In addition to the spectroscopy measurements, each of the plurality of samples is analyzed for the content of a selected set of cannabinoids and terpenes 3040. The analysis may be performed using chemometric techniques, e.g., mass spectrometry, chromatography, and any other technique. This analysis provides quantitative details of the selected compounds in each sample for use in training one or more machine learning modules. Generally, the spectrogram data pieces for the different samples are labeled by respective quantitative data on one or more selected compounds. The so-labeled data is used for training a machine learning module 3050. This enables the machine learning module to estimate the quantity of one or more of the compounds based on spectrogram input data. The training results in providing pretrained one or more machine learning
module 3060 trained for processing spectrogram data of cannabis inflorescence and generate a quantitative estimate of selected set of cannabinoids and terpenes in respective cannabis inflorescence.

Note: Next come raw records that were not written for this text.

text \<open>The codeword comes from a polynomial with the prescribed roots, padded by a power of \<open>x\<close>
  to degree \<open>k - 1\<close> when the nonzero coordinate is the one at infinity.\<close>
lemma exists_codeword_separating:
  assumes "S \<subseteq> {..CARD('a)}" and "card S \<le> k" and "i0 \<in> S"
  obtains c where "c \<in> code" and "c i0 \<noteq> 0" and "\<And>i. i \<in> S \<Longrightarrow> i \<noteq> i0 \<Longrightarrow> c i = 0"
proof (cases "i0 = CARD('a)")
  case True
  have "finite S"
    using assms(1) finite_subset by blast
  have F: "S - {i0} \<subseteq> {..<CARD('a)}" "card (S - {i0}) \<le> k - 1"
    using assms True \<open>finite S\<close> by auto
  obtain P where P: "lead_coeff P = 1" "degree P = card (S - {i0})"
    "\<And>i. i \<in> S - {i0} \<Longrightarrow> poly P (field_enum i) = (0 :: 'a)"
    by (rule field_enum_vanishing_poly[OF F(1)]) blast
  define f where "f = P * [:0, 1:] ^ (k - 1 - card (S - {i0}))"
  have "P \<noteq> 0"
    using P(1) by auto
  then have "degree f = degree P + (k - 1 - card (S - {i0}))"
    unfolding f_def by (subst degree_mult_eq) (auto simp: degree_linear_power)
  moreover have "lead_coeff f = 1"
    unfolding f_def lead_coeff_mult lead_coeff_power P(1) by simp
  ultimately have "degree f = k - 1" "lead_coeff f = 1"
    using P(2) F(2) by simp_all
  then have f: "degree f < k" "coeff f (k - 1) = 1"
    using dimension_pos by auto
  show ?thesis
  proof (rule that)
    show "encode k generator (coeff f) \<in> code"
      using f(1) by (simp add: coeff_words)
    show "encode k generator (coeff f) i0 \<noteq> 0"
      using True f(2) by (simp add: encode_infinity)
    show "encode k generator (coeff f) i = 0" if "i \<in> S" "i \<noteq> i0" for i
      using that F(1) P(3) f(1) by (auto simp: encode_poly f_def)
  qed
next
  case False
  with assms have i0: "i0 < CARD('a)"
    by auto
  have "finite S"
    using assms(1) finite_subset by blast
  define F where "F = S - {i0, CARD('a)}"
  have "card F \<le> card (S - {i0})"
    using \<open>finite S\<close> by (intro card_mono) (auto simp: F_def)
  then have F: "F \<subseteq> {..<CARD('a)}" "card F \<le> k - 1"
    using assms \<open>finite S\<close> by (auto simp: F_def)
  obtain P where P: "lead_coeff P = 1" "degree P = card F"
    "\<And>i. i \<in> F \<Longrightarrow> poly P (field_enum i) = (0 :: 'a)"
    "\<And>i. i < CARD('a) \<Longrightarrow> i \<notin> F \<Longrightarrow> poly P (field_enum i) \<noteq> 0"
    by (rule field_enum_vanishing_poly[OF F(1)]) blast
  have degree: "degree P < k"
    using P(2) F(2) dimension_pos by linarith
  show ?thesis
  proof (rule that)
    show "encode k generator (coeff P) \<in> code"
      using degree by (simp add: coeff_words)
    show "encode k generator (coeff P) i0 \<noteq> 0"
      using i0 P(4) by (simp add: encode_poly[OF degree] weight_nonzero F_def)
    show "encode k generator (coeff P) i = 0" if "i \<in> S" "i \<noteq> i0" for i
    proof (cases "i = CARD('a)")
      case True
      then have "{i0, CARD('a)} \<subseteq> S" "card {i0, CARD('a)} = 2"
        using that i0 \<open>i0 \<in> S\<close> by auto
      then have "card F = card S - 2" "2 \<le> card S"
        using \<open>finite S\<close> card_mono[of S "{i0, CARD('a)}"] by (auto simp: F_def card_Diff_subset)
      then have "degree P < k - 1"
        using P(2) assms(2) by linarith
      then show ?thesis
        using True by (simp add: encode_infinity coeff_eq_0)
    next
      case False
      then show ?thesis
        using that assms(1) P(3) degree by (auto simp: encode_poly F_def)
    qed
  qed
qed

As indicated above, optical spectroscopic measurements generally obtain the spectrogram data on the cannabis inflorescence samples. Fig. 4 exemplifies a Fourier transform optical spectrometer being a part of a system for quantifying active compounds of cannabis inflorescence according to some embodiments of the present disclosure. As illustrated in Fig. 4, a light source unit 120 is positioned to direct broadband (while) illumination toward a beam splitting arrangement (beam splitter 124). The split light components follow two paths, the first path toward a fixed position mirror 126 and a second path toward a moving mirror 128 operated to move periodically within a selected range toward and away of the beam splitter 124. Reflected light merges at the beam splitter 124 again and is directed at sample 130. Light passing through the sample is absorbed, while a portion of the light is transmitted through the sample 130 and collected by a detector 140. The detector operates for collecting a plurality of sequential intensity data pieces along a period that covers at least one full period of the moving mirror 128. The collected intensity sequence is processed for determining a Fourier transform thereof 142, thereby providing a spectrogram of the sample. Determining the Fourier transform of collected intensity may be done digitally by processing the collected data or using suitable analog circuitry. The collected spectrogram is then transmitted to the processing unit 140 for processing and analysis as described herein to provide output data indicative of the quantity of selected chemical compounds including cannabinoids and terpenes, in the sample.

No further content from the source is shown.